**Task statement**.
The lines from the start of the records below through the line containing "primitive of \<open>g\<close>, corrected" are to be copied exactly, both ends included, with nothing added.
START Exercise data
text \<open>
Let \<open>G\<close> be a bounded function with \<open>G'' = g\<close>; it exists because \<open>g\<close> has mean zero, so that a
primitive of \<open>g\<close>, corrected by its mean slope, is again periodic. Put \<open>J t = G (\<lambda> t) / \<lambda>\<^sup>2\<close>, so
\<open>J'' = g (\<lambda> t)\<close> and \<open>\<bar>J\<bar> \<le> sup \<bar>G\<bar> / \<lambda>\<^sup>2\<close>. Along a solution \<open>x\<close> we get
\<open>(x + J)'' = f sin x - cos x + g (\<lambda> t) (1 - cos x)\<close>: the fast forcing only enters with the factor
\<open>1 - cos x\<close>. Choosing \<open>\<delta>\<close> small in terms of \<open>sup \<bar>f\<bar>\<close> and \<open>sup \<bar>g\<bar>\<close>, and \<open>\<lambda>\<close> so large that
\<open>\<bar>J\<bar> \<le> \<delta> / 2\<close>, the function \<open>x + J\<close> is strictly concave while \<open>\<bar>x\<bar> \<le> 2 \<delta>\<close>, so it can reach the
level \<open>\<delta>\<close> only by crossing it. The same holds for \<open>(pi - x) + J\<close>, since \<open>pi - x\<close> solves the
equation with \<open>f\<close> replaced by \<open>-f\<close>.

Now shoot from \<open>x 0 = pi / 2\<close> with initial velocity \<open>v\<close>. The velocities for which \<open>x + J\<close> falls
below \<open>\<delta>\<close> before \<open>x - J\<close> reaches \<open>pi - \<delta>\<close>, and those for which the reverse happens, form two
disjoint open sets (by continuous dependence on \<open>v\<close>), each containing all sufficiently large
velocities of the corresponding sign. As \<open>\<real>\<close> is connected, some \<open>v\<close> lies in neither set, and
by the crossing property its solution never leaves the strip \<open>\<delta> < x + J, x - J < pi - \<delta>\<close>.
Solutions and their continuous dependence come from Picard iteration, the right-hand side
being bounded and globally Lipschitz in \<open>x\<close>.
\<close>

lemma abs_diff_le_diff_if_abs_deriv_le:
  fixes u v :: "real \<Rightarrow> real"
  assumes "a \<le> b"
    and u: "\<And>s. s \<in> {a..b} \<Longrightarrow> (u has_real_derivative u' s) (at s)"
    and v: "\<And>s. s \<in> {a..b} \<Longrightarrow> (v has_real_derivative v' s) (at s)"
    and le: "\<And>s. s \<in> {a..b} \<Longrightarrow> \<bar>u' s\<bar> \<le> v' s"
  shows "\<bar>u b - u a\<bar> \<le> v b - v a"
proof -
  have "v a - u a \<le> v b - u b"
    by (rule deriv_nonneg_imp_mono[where g = "\<lambda>s. v s - u s" and g' = "\<lambda>s. v' s - u' s"])
       (use assms in \<open>force intro!: DERIV_diff simp: abs_le_iff\<close>)+
  moreover have "v a + u a \<le> v b + u b"
    by (rule deriv_nonneg_imp_mono[where g = "\<lambda>s. v s + u s" and g' = "\<lambda>s. v' s + u' s"])
       (use assms in \<open>force intro!: DERIV_add simp: abs_le_iff\<close>)+
  ultimately show ?thesis by linarith
qed

lemma abs_le_power_if_abs_deriv_le:
  fixes u u' :: "real \<Rightarrow> real"
  assumes "u 0 = 0"
    and u: "\<And>s. \<bar>s\<bar> \<le> \<bar>t\<bar> \<Longrightarrow> (u has_real_derivative u' s) (at s)"
    and le: "\<And>s. \<bar>s\<bar> \<le> \<bar>t\<bar> \<Longrightarrow> \<bar>u' s\<bar> \<le> c * \<bar>s\<bar> ^ m"
  shows "\<bar>u t\<bar> \<le> c * \<bar>t\<bar> ^ Suc m / Suc m"
proof (cases "0 \<le> t")
  case True
  have "\<bar>u t - u 0\<bar> \<le> c * t ^ Suc m / Suc m - c * 0 ^ Suc m / Suc m"
  proof (rule abs_diff_le_diff_if_abs_deriv_le[OF True])
    fix s assume "s \<in> {0..t}"
    then show "(u has_real_derivative u' s) (at s)" "\<bar>u' s\<bar> \<le> c * s ^ m"
      using u[of s] le[of s] True by auto
    show "((\<lambda>s. c * s ^ Suc m / Suc m) has_real_derivative c * s ^ m) (at s)"
      by (auto intro!: derivative_eq_intros simp del: power_Suc)
  qed
  then show ?thesis using True \<open>u 0 = 0\<close> by simp
next
  case False
  have "\<bar>u 0 - u t\<bar> \<le> - c * (- 0) ^ Suc m / Suc m - - c * (- t) ^ Suc m / Suc m"
  proof (rule abs_diff_le_diff_if_abs_deriv_le)
    fix s assume "s \<in> {t..0}"
    then show "(u has_real_derivative u' s) (at s)" "\<bar>u' s\<bar> \<le> c * (- s) ^ m"
      using u[of s] le[of s] False by auto
    show "((\<lambda>s. - c * (- s) ^ Suc m / Suc m) has_real_derivative c * (- s) ^ m) (at s)"
      by (auto intro!: derivative_eq_intros simp del: power_Suc)
  qed (use False in simp)
  then show ?thesis using False \<open>u 0 = 0\<close> by simp
qed

lemma abs_le_power_if_abs_deriv2_le:
  fixes u u' u'' :: "real \<Rightarrow> real"
  assumes "u 0 = 0" "u' 0 = 0"
    and u: "\<And>s. \<bar>s\<bar> \<le> \<bar>t\<bar> \<Longrightarrow> (u has_real_derivative u' s) (at s)"
    and u': "\<And>s. \<bar>s\<bar> \<le> \<bar>t\<bar> \<Longrightarrow> (u' has_real_derivative u'' s) (at s)"
    and le: "\<And>s. \<bar>s\<bar> \<le> \<bar>t\<bar> \<Longrightarrow> \<bar>u'' s\<bar> \<le> c * \<bar>s\<bar> ^ m"
  shows "\<bar>u t\<bar> \<le> c * \<bar>t\<bar> ^ Suc (Suc m) / (Suc m * Suc (Suc m))"
proof -
  have "\<bar>u' s\<bar> \<le> c * \<bar>s\<bar> ^ Suc m / Suc m" if "\<bar>s\<bar> \<le> \<bar>t\<bar>" for s
    by (rule abs_le_power_if_abs_deriv_le[of u' s u'']) (use assms that in auto)
  then have "\<bar>u t\<bar> \<le> c / Suc m * \<bar>t\<bar> ^ Suc (Suc m) / Suc (Suc m)"
    by (intro abs_le_power_if_abs_deriv_le[of u t u'] assms) auto
  then show ?thesis by (simp add: field_simps)
qed

lemma continuous_on_if_derivative:
  "(\<And>t. (u has_real_derivative u' t) (at t)) \<Longrightarrow> continuous_on UNIV u"
  using DERIV_continuous_on[of UNIV u u'] by simp

lemma differential_gronwall:
  fixes E E' :: "real \<Rightarrow> real"
  assumes "\<And>s. (E has_real_derivative E' s) (at s)" "\<And>s. E' s \<le> c * E s" "0 \<le> t"
  shows "E t \<le> E 0 * exp (c * t)"
proof -
  have "E t * exp (- c * t) \<le> E 0 * exp (- c * 0)"
  proof (rule deriv_nonpos_imp_antimono[where g = "\<lambda>s. E s * exp (- c * s)"
        and g' = "\<lambda>s. (E' s - c * E s) * exp (- c * s)"])
    fix s
    show "((\<lambda>s. E s * exp (- c * s)) has_real_derivative (E' s - c * E s) * exp (- c * s)) (at s)"
      by (auto intro!: derivative_eq_intros assms(1) simp: algebra_simps)
    show "(E' s - c * E s) * exp (- c * s) \<le> 0"
      using assms(2)[of s] by (simp add: mult_nonpos_nonneg)
  qed (use assms(3) in simp)
  then show ?thesis by (simp add: exp_minus field_simps)
qed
END Exercise data
**Result of the task**.
text \<open>
Let \<open>G\<close> be a bounded function with \<open>G'' = g\<close>; it exists because \<open>g\<close> has mean zero, so that a
primitive of \<open>g\<close>, corrected by its mean slope, is again periodic. Put \<open>J t = G (\<lambda> t) / \<lambda>\<^sup>2\<close>, so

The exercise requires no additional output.